─── Dataset entries ───

(* Let $G$ be a simple, undirected, unweighted, locally finite graph and $i\sim j$ an edge with $d_i\le d_j$. Suppose $\mathrm{Ric}(i,j)\le -2+\delta$ for some $0<\delta<(1+\gamma_{\max}(i,j))^{-1}$. Then $$\frac{|Q_j|}{|\sharp_\Delta|+1}>\delta^{-1}.$$
   Context: For an edge $i\sim j$ with degrees $d_i,d_j$ and neighbour sets $S_1(\cdot)$: $\sharp_\Delta=S_1(i)\cap S_1(j)$; $\sharp_\square^i=\{k\in S_1(i)\setminus (S_1(j)\cup\{j\}) : \exists\, w\in (S_1(k)\cap S_1(j))\setminus (S_1(i)\cup\{i\})\}$, $\sharp_\square^j$ symmetric; $\gamma_{\max}=\max\big\{\max_{k\in\sharp_\square^i}|(S_1(k)\cap S_1(j))\setminus(S_1(i)\cup\{i\})|,\ \max_{w\in\sharp_\square^j}|(S_1(w)\cap S_1(i))\setminus(S_1(j)\cup\{j\})|\big\}$, with the convention $\gamma_{\max}=0$ when $\sharp_\square^i=\emptyset$. $Q_j=S_1(j)\setminus(\{i\}\cup\sharp_\Delta\cup\sharp_\square^j)$. Balanced Forman curvature: $\mathrm{Ric}(i,j)=0$ if $\min\{d_i,d_j\}=1$, otherwise $\mathrm{Ric}(i,j)=\frac{2}{d_i}+\frac{2}{d_j}-2+\frac{2|\sharp_\Delta|}{\max\{d_i,d_j\}}+\frac{|\sharp_\Delta|}{\min\{d_i,d_j\}}+\frac{\gamma_{\max}^{-1}}{\max\{d_i,d_j\}}(|\sharp_\square^i|+|\sharp_\square^j|)$, the last term being $0$ when $\sharp_\square^i=\emptyset$. *)

theory Defs
  imports Main "HOL-Library.Extended_Real"
begin

definition simple_graph :: "('a \<Rightarrow> 'a \<Rightarrow> bool) \<Rightarrow> bool" where
  "simple_graph E \<longleftrightarrow> (\<forall>x y. E x y \<longrightarrow> E y x) \<and> (\<forall>x. \<not> E x x)"

definition S1 :: "('a \<Rightarrow> 'a \<Rightarrow> bool) \<Rightarrow> 'a \<Rightarrow> 'a set" where
  "S1 E x = {y. E x y}"

definition locally_finite :: "('a \<Rightarrow> 'a \<Rightarrow> bool) \<Rightarrow> bool" where
  "locally_finite E \<longleftrightarrow> (\<forall>x. finite (S1 E x))"

definition deg :: "('a \<Rightarrow> 'a \<Rightarrow> bool) \<Rightarrow> 'a \<Rightarrow> nat" where
  "deg E x = card (S1 E x)"

definition sharp_tri :: "('a \<Rightarrow> 'a \<Rightarrow> bool) \<Rightarrow> 'a \<Rightarrow> 'a \<Rightarrow> 'a set" where
  "sharp_tri E i j = S1 E i \<inter> S1 E j"

definition sq_partners :: "('a \<Rightarrow> 'a \<Rightarrow> bool) \<Rightarrow> 'a \<Rightarrow> 'a \<Rightarrow> 'a \<Rightarrow> 'a set" where
  "sq_partners E i j k = (S1 E k \<inter> S1 E j) - (S1 E i \<union> {i})"

text \<open>sharp_sq E i j is \<sharp>_\<square>^i for the edge i~j; \<sharp>_\<square>^j is sharp_sq E j i.\<close>
definition sharp_sq :: "('a \<Rightarrow> 'a \<Rightarrow> bool) \<Rightarrow> 'a \<Rightarrow> 'a \<Rightarrow> 'a set" where
  "sharp_sq E i j = {k \<in> S1 E i - (S1 E j \<union> {j}). sq_partners E i j k \<noteq> {}}"

definition gamma_max :: "('a \<Rightarrow> 'a \<Rightarrow> bool) \<Rightarrow> 'a \<Rightarrow> 'a \<Rightarrow> nat" where
  "gamma_max E i j =
     (if sharp_sq E i j = {} then 0
      else max (Max ((\<lambda>k. card (sq_partners E i j k)) ` sharp_sq E i j))
               (Max ((\<lambda>w. card (sq_partners E j i w)) ` sharp_sq E j i)))"

definition Q_set :: "('a \<Rightarrow> 'a \<Rightarrow> bool) \<Rightarrow> 'a \<Rightarrow> 'a \<Rightarrow> 'a set" where
  "Q_set E i j = S1 E j - ({i} \<union> sharp_tri E i j \<union> sharp_sq E j i)"

text \<open>Balanced Forman curvature of the edge i~j.\<close>
definition Ric :: "('a \<Rightarrow> 'a \<Rightarrow> bool) \<Rightarrow> 'a \<Rightarrow> 'a \<Rightarrow> real" where
  "Ric E i j =
    (let di = real (deg E i); dj = real (deg E j); t = real (card (sharp_tri E i j))
     in if min di dj = 1 then 0
        else 2 / di + 2 / dj - 2 + 2 * t / max di dj + t / min di dj
             + (if sharp_sq E i j = {} then 0
                else (inverse (real (gamma_max E i j)) / max di dj)
                     * (real (card (sharp_sq E i j)) + real (card (sharp_sq E j i)))))"

end

theory Submission
  imports Defs
begin

text \<open>Multiplying the curvature bound by \<open>d\<^sub>j\<close> and using \<open>d\<^sub>i \<le> d\<^sub>j\<close> gives
  \<open>4 + 3|\<sharp>\<^sub>\<Delta>| + |\<sharp>\<^sub>\<square>\<^sup>j|/\<gamma>\<^sub>m\<^sub>a\<^sub>x \<le> \<delta> d\<^sub>j\<close>. Since \<open>S\<^sub>1(j)\<close> is the disjoint union of \<open>{i}\<close>,
  \<open>\<sharp>\<^sub>\<Delta>\<close>, \<open>\<sharp>\<^sub>\<square>\<^sup>j\<close> and \<open>Q\<^sub>j\<close>, this bounds \<open>1 + |\<sharp>\<^sub>\<Delta>| + |\<sharp>\<^sub>\<square>\<^sup>j|\<close> by
  \<open>(1 + \<gamma>\<^sub>m\<^sub>a\<^sub>x)(\<delta> d\<^sub>j - |\<sharp>\<^sub>\<Delta>| - 1)\<close>, and \<open>\<delta>(1 + \<gamma>\<^sub>m\<^sub>a\<^sub>x) < 1\<close> turns this into
  \<open>\<delta> |Q\<^sub>j| > |\<sharp>\<^sub>\<Delta>| + 1\<close>.\<close>

lemma simple_graph_sym: "simple_graph E \<Longrightarrow> E x y \<Longrightarrow> E y x"
  and simple_graph_irrefl: "simple_graph E \<Longrightarrow> \<not> E x x"
  unfolding simple_graph_def by blast+

lemma locally_finite_S1: "locally_finite E \<Longrightarrow> finite (S1 E x)"
  unfolding locally_finite_def by blast

lemma deg_ge_1:
  assumes "locally_finite E" "E i j"
  shows "1 \<le> deg E i"
  using assms locally_finite_S1[OF assms(1), of i]
  unfolding deg_def S1_def by (auto simp: Suc_le_eq card_gt_0_iff)

lemma sharp_sq_nonempty_swap:
  assumes "simple_graph E" "sharp_sq E j i \<noteq> {}"
  shows "sharp_sq E i j \<noteq> {}"
proof -
  obtain k w where k: "k \<in> sharp_sq E j i" and w: "w \<in> sq_partners E j i k"
    using assms(2) unfolding sharp_sq_def by blast
  have "w \<in> sharp_sq E i j" and "k \<in> sq_partners E i j w"
    using k w simple_graph_sym[OF assms(1)]
    unfolding sharp_sq_def sq_partners_def S1_def by auto
  then show ?thesis by blast
qed

lemma gamma_max_pos:
  assumes "locally_finite E" "sharp_sq E i j \<noteq> {}"
  shows "0 < gamma_max E i j"
proof -
  obtain k where k: "k \<in> sharp_sq E i j" using assms(2) by blast
  have "finite (sharp_sq E i j)"
    using locally_finite_S1[OF assms(1), of i] unfolding sharp_sq_def by auto
  then have "card (sq_partners E i j k) \<le> Max ((\<lambda>k. card (sq_partners E i j k)) ` sharp_sq E i j)"
    using k by (intro Max_ge) auto
  moreover have "0 < card (sq_partners E i j k)"
    using k locally_finite_S1[OF assms(1), of j]
    unfolding sharp_sq_def sq_partners_def by (auto simp: card_gt_0_iff)
  ultimately show ?thesis using assms(2) unfolding gamma_max_def by auto
qed

lemma card_Q_set:
  assumes "simple_graph E" "locally_finite E" "E i j"
  shows "card (Q_set E i j) + 1 + card (sharp_tri E i j) + card (sharp_sq E j i) = deg E j"
proof -
  let ?U = "{i} \<union> sharp_tri E i j \<union> sharp_sq E j i"
  have fin: "finite (S1 E j)" using locally_finite_S1[OF assms(2)] .
  have sub: "?U \<subseteq> S1 E j"
    using simple_graph_sym[OF assms(1,3)] unfolding sharp_tri_def sharp_sq_def S1_def by auto
  have "i \<notin> sharp_tri E i j \<union> sharp_sq E j i"
    using simple_graph_irrefl[OF assms(1)] unfolding sharp_tri_def sharp_sq_def S1_def by auto
  moreover have "sharp_tri E i j \<inter> sharp_sq E j i = {}"
    unfolding sharp_tri_def sharp_sq_def by auto
  moreover have "finite (sharp_tri E i j)" "finite (sharp_sq E j i)"
    using sub fin by (auto intro: finite_subset)
  ultimately have "card ?U = 1 + card (sharp_tri E i j) + card (sharp_sq E j i)"
    by (simp add: card_Un_disjoint Un_assoc)
  moreover have "card (Q_set E i j) + card ?U = card (S1 E j)"
    unfolding Q_set_def using card_Diff_subset[OF finite_subset[OF sub fin] sub]
      card_mono[OF fin sub] by simp
  ultimately show ?thesis unfolding deg_def by simp
qed

lemma deg_mult_Ric_plus_2_ge:
  assumes "simple_graph E" "2 \<le> deg E i" "deg E i \<le> deg E j"
  defines "t \<equiv> real (card (sharp_tri E i j))"
    and "s \<equiv> real (card (sharp_sq E j i))"
    and "dj \<equiv> real (deg E j)"
  shows "4 + 3 * t + s / real (gamma_max E i j) \<le> dj * (Ric E i j + 2)"
proof -
  define di where "di = real (deg E i)"
  define X where "X = (if sharp_sq E i j = {} then 0
      else inverse (real (gamma_max E i j)) / dj * (real (card (sharp_sq E i j)) + s))"
  have di: "2 \<le> di" "di \<le> dj" using assms(2,3) unfolding di_def dj_def by simp_all
  have "Ric E i j = 2/di + 2/dj - 2 + 2*t/dj + t/di + X"
    using di unfolding Ric_def Let_def X_def di_def dj_def t_def s_def
    by (simp add: min_def max_def)
  then have "dj * (Ric E i j + 2) = 2 + 2*t + dj*(2+t)/di + dj*X"
    using di by (simp add: field_simps)
  moreover have "2 + t \<le> dj*(2+t)/di"
  proof -
    have "(2+t) * di \<le> (2+t) * dj" using di by (simp add: t_def mult_left_mono)
    then show ?thesis using di by (simp add: field_simps)
  qed
  moreover have "s / real (gamma_max E i j) \<le> dj*X"
  proof (cases "sharp_sq E i j = {}")
    case True
    then have "sharp_sq E j i = {}" using sharp_sq_nonempty_swap[OF assms(1)] by blast
    then show ?thesis using True unfolding s_def X_def by simp
  next
    case False
    then have "dj*X = (real (card (sharp_sq E i j)) + s) / real (gamma_max E i j)"
      using di unfolding X_def by (simp add: divide_inverse)
    then show ?thesis by (simp add: divide_right_mono)
  qed
  ultimately show ?thesis by linarith
qed

lemma ratio_gt_inverse:
  fixes \<delta> g t s d :: real
  assumes "0 < \<delta>" "\<delta> * (1 + g) < 1" "0 \<le> g" "0 \<le> t" "0 \<le> s" "g = 0 \<Longrightarrow> s = 0"
    and "4 + 3 * t + s / g \<le> \<delta> * d"
  shows "inverse \<delta> < (d - 1 - t - s) / (t + 1)"
proof -
  have "s \<le> g * (\<delta> * d - t - 1)"
  proof (cases "g = 0")
    case False
    then have "s \<le> g * (\<delta> * d - 3 * t - 4)"
      using assms(3,7) by (simp add: field_simps)
    then show ?thesis using assms(3,4) by (smt (verit) mult_left_mono)
  qed (use assms(6) in simp)
  moreover have "1 + t \<le> \<delta> * d - t - 1"
    using assms(3,4,5,7) by (smt (verit) divide_nonneg_nonneg)
  ultimately have "1 + t + s \<le> (1 + g) * (\<delta> * d - t - 1)"
    by (simp add: algebra_simps)
  then have "\<delta> * (1 + t + s) \<le> (\<delta> * (1 + g)) * (\<delta> * d - t - 1)"
    using assms(1) by (metis less_imp_le mult.assoc mult_left_mono)
  also have "\<dots> < \<delta> * d - t - 1"
    using assms(2,4) \<open>1 + t \<le> \<delta> * d - t - 1\<close> by simp
  finally show ?thesis using assms(1,4) by (simp add: field_simps)
qed

theorem mainTheorem7:
  fixes E :: "'a \<Rightarrow> 'a \<Rightarrow> bool" and i j :: 'a and \<delta> :: real
  assumes "simple_graph E"
    and "locally_finite E"
    and "E i j"
    and "deg E i \<le> deg E j"
    and "Ric E i j \<le> -2 + \<delta>"
    and "0 < \<delta>"
    and "\<delta> < inverse (1 + real (gamma_max E i j))"
  shows "real (card (Q_set E i j)) / (real (card (sharp_tri E i j)) + 1) > inverse \<delta>"
proof -
  have \<delta>_gamma: "\<delta> * (1 + real (gamma_max E i j)) < 1"
    using assms(7) by (simp add: field_simps)
  moreover have "\<delta> \<le> \<delta> * (1 + real (gamma_max E i j))"
    using assms(6) by simp
  ultimately have "Ric E i j < 0" using assms(5) by linarith
  moreover have "deg E i = 1 \<Longrightarrow> Ric E i j = 0"
    using assms(4) unfolding Ric_def Let_def by (simp add: min_def)
  ultimately have "2 \<le> deg E i" using deg_ge_1[OF assms(2,3)] by fastforce
  with assms(1,4) have "4 + 3 * real (card (sharp_tri E i j))
      + real (card (sharp_sq E j i)) / real (gamma_max E i j) \<le> \<delta> * real (deg E j)"
    using deg_mult_Ric_plus_2_ge[of E i j] assms(5)
    by (smt (verit) mult_left_mono of_nat_0_le_iff mult.commute)
  moreover have "gamma_max E i j = 0 \<Longrightarrow> card (sharp_sq E j i) = 0"
    using gamma_max_pos[OF assms(2)] sharp_sq_nonempty_swap[OF assms(1)]
      locally_finite_S1[OF assms(2), of j] unfolding sharp_sq_def by fastforce
  ultimately have "inverse \<delta> < (real (deg E j) - 1 - real (card (sharp_tri E i j))
      - real (card (sharp_sq E j i))) / (real (card (sharp_tri E i j)) + 1)"
    by (intro ratio_gt_inverse[OF assms(6) \<delta>_gamma]) auto
  also have "real (deg E j) - 1 - real (card (sharp_tri E i j)) - real (card (sharp_sq E j i))
      = real (card (Q_set E i j))"
    using card_Q_set[OF assms(1-3)] by (simp flip: of_nat_add)
  finally show ?thesis .
qed

end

───

- **Exercise requirements**:
Beginning with the line holding "< inverse (1" and ending with the line holding "using assms(6) by simp", write out the stretch of material above exactly; add no further lines.

- **Answer to the exercise**:
    and "\<delta> < inverse (1 + real (gamma_max E i j))"
  shows "real (card (Q_set E i j)) / (real (card (sharp_tri E i j)) + 1) > inverse \<delta>"
proof -
  have \<delta>_gamma: "\<delta> * (1 + real (gamma_max E i j)) < 1"
    using assms(7) by (simp add: field_simps)
  moreover have "\<delta> \<le> \<delta> * (1 + real (gamma_max E i j))"
    using assms(6) by simp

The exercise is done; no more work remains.